[Collected data]

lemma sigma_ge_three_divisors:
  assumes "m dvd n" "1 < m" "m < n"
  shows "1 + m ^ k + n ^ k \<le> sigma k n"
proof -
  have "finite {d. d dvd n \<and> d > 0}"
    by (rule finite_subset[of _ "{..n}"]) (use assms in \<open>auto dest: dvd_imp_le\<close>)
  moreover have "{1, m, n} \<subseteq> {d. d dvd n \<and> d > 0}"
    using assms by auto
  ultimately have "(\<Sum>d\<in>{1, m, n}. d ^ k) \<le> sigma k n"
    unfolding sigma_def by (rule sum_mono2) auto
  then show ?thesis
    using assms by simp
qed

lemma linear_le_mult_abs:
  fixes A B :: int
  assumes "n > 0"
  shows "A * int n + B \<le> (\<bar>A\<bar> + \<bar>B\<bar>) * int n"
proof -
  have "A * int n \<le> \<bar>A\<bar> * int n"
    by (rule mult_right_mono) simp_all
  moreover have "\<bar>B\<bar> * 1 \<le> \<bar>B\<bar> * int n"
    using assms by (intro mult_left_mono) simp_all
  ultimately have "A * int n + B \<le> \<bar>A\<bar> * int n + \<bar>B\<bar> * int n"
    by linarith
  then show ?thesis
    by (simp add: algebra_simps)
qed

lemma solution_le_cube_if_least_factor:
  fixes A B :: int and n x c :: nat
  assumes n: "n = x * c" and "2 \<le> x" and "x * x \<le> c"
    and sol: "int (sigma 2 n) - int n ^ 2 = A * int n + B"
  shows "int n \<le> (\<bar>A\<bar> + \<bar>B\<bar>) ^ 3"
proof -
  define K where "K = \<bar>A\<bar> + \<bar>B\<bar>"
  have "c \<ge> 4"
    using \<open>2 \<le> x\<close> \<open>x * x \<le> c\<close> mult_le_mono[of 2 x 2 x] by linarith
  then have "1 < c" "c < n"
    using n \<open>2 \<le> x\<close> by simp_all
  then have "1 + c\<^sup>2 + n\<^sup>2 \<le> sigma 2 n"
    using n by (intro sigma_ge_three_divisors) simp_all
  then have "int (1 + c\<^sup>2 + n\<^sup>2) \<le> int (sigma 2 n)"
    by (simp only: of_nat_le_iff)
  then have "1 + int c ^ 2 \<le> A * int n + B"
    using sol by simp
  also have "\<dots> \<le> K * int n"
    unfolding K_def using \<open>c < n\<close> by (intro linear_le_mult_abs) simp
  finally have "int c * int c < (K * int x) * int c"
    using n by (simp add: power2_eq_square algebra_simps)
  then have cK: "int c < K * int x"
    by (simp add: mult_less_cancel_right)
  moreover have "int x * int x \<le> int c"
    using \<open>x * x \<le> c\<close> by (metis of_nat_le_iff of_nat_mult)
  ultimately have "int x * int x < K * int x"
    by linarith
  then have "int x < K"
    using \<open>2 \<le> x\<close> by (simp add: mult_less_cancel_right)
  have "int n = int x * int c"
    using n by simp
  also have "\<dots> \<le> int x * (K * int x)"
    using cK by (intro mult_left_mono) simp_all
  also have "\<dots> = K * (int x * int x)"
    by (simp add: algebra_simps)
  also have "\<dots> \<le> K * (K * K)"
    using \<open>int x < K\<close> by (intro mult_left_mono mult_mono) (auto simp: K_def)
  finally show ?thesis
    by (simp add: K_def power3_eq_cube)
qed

Your objective. From the data above, output every line exactly.

Output of the task.
lemma sigma_ge_three_divisors:
  assumes "m dvd n" "1 < m" "m < n"
  shows "1 + m ^ k + n ^ k \<le> sigma k n"
proof -
  have "finite {d. d dvd n \<and> d > 0}"
    by (rule finite_subset[of _ "{..n}"]) (use assms in \<open>auto dest: dvd_imp_le\<close>)
  moreover have "{1, m, n} \<subseteq> {d. d dvd n \<and> d > 0}"
    using assms by auto
  ultimately have "(\<Sum>d\<in>{1, m, n}. d ^ k) \<le> sigma k n"
    unfolding sigma_def by (rule sum_mono2) auto
  then show ?thesis
    using assms by simp
qed

lemma linear_le_mult_abs:
  fixes A B :: int
  assumes "n > 0"
  shows "A * int n + B \<le> (\<bar>A\<bar> + \<bar>B\<bar>) * int n"
proof -
  have "A * int n \<le> \<bar>A\<bar> * int n"
    by (rule mult_right_mono) simp_all
  moreover have "\<bar>B\<bar> * 1 \<le> \<bar>B\<bar> * int n"
    using assms by (intro mult_left_mono) simp_all
  ultimately have "A * int n + B \<le> \<bar>A\<bar> * int n + \<bar>B\<bar> * int n"
    by linarith
  then show ?thesis
    by (simp add: algebra_simps)
qed

lemma solution_le_cube_if_least_factor:
  fixes A B :: int and n x c :: nat
  assumes n: "n = x * c" and "2 \<le> x" and "x * x \<le> c"
    and sol: "int (sigma 2 n) - int n ^ 2 = A * int n + B"
  shows "int n \<le> (\<bar>A\<bar> + \<bar>B\<bar>) ^ 3"
proof -
  define K where "K = \<bar>A\<bar> + \<bar>B\<bar>"
  have "c \<ge> 4"
    using \<open>2 \<le> x\<close> \<open>x * x \<le> c\<close> mult_le_mono[of 2 x 2 x] by linarith
  then have "1 < c" "c < n"
    using n \<open>2 \<le> x\<close> by simp_all
  then have "1 + c\<^sup>2 + n\<^sup>2 \<le> sigma 2 n"
    using n by (intro sigma_ge_three_divisors) simp_all
  then have "int (1 + c\<^sup>2 + n\<^sup>2) \<le> int (sigma 2 n)"
    by (simp only: of_nat_le_iff)
  then have "1 + int c ^ 2 \<le> A * int n + B"
    using sol by simp
  also have "\<dots> \<le> K * int n"
    unfolding K_def using \<open>c < n\<close> by (intro linear_le_mult_abs) simp
  finally have "int c * int c < (K * int x) * int c"
    using n by (simp add: power2_eq_square algebra_simps)
  then have cK: "int c < K * int x"
    by (simp add: mult_less_cancel_right)
  moreover have "int x * int x \<le> int c"
    using \<open>x * x \<le> c\<close> by (metis of_nat_le_iff of_nat_mult)
  ultimately have "int x * int x < K * int x"
    by linarith
  then have "int x < K"
    using \<open>2 \<le> x\<close> by (simp add: mult_less_cancel_right)
  have "int n = int x * int c"
    using n by simp
  also have "\<dots> \<le> int x * (K * int x)"
    using cK by (intro mult_left_mono) simp_all
  also have "\<dots> = K * (int x * int x)"
    by (simp add: algebra_simps)
  also have "\<dots> \<le> K * (K * K)"
    using \<open>int x < K\<close> by (intro mult_left_mono mult_mono) (auto simp: K_def)
  finally show ?thesis
    by (simp add: K_def power3_eq_cube)
qed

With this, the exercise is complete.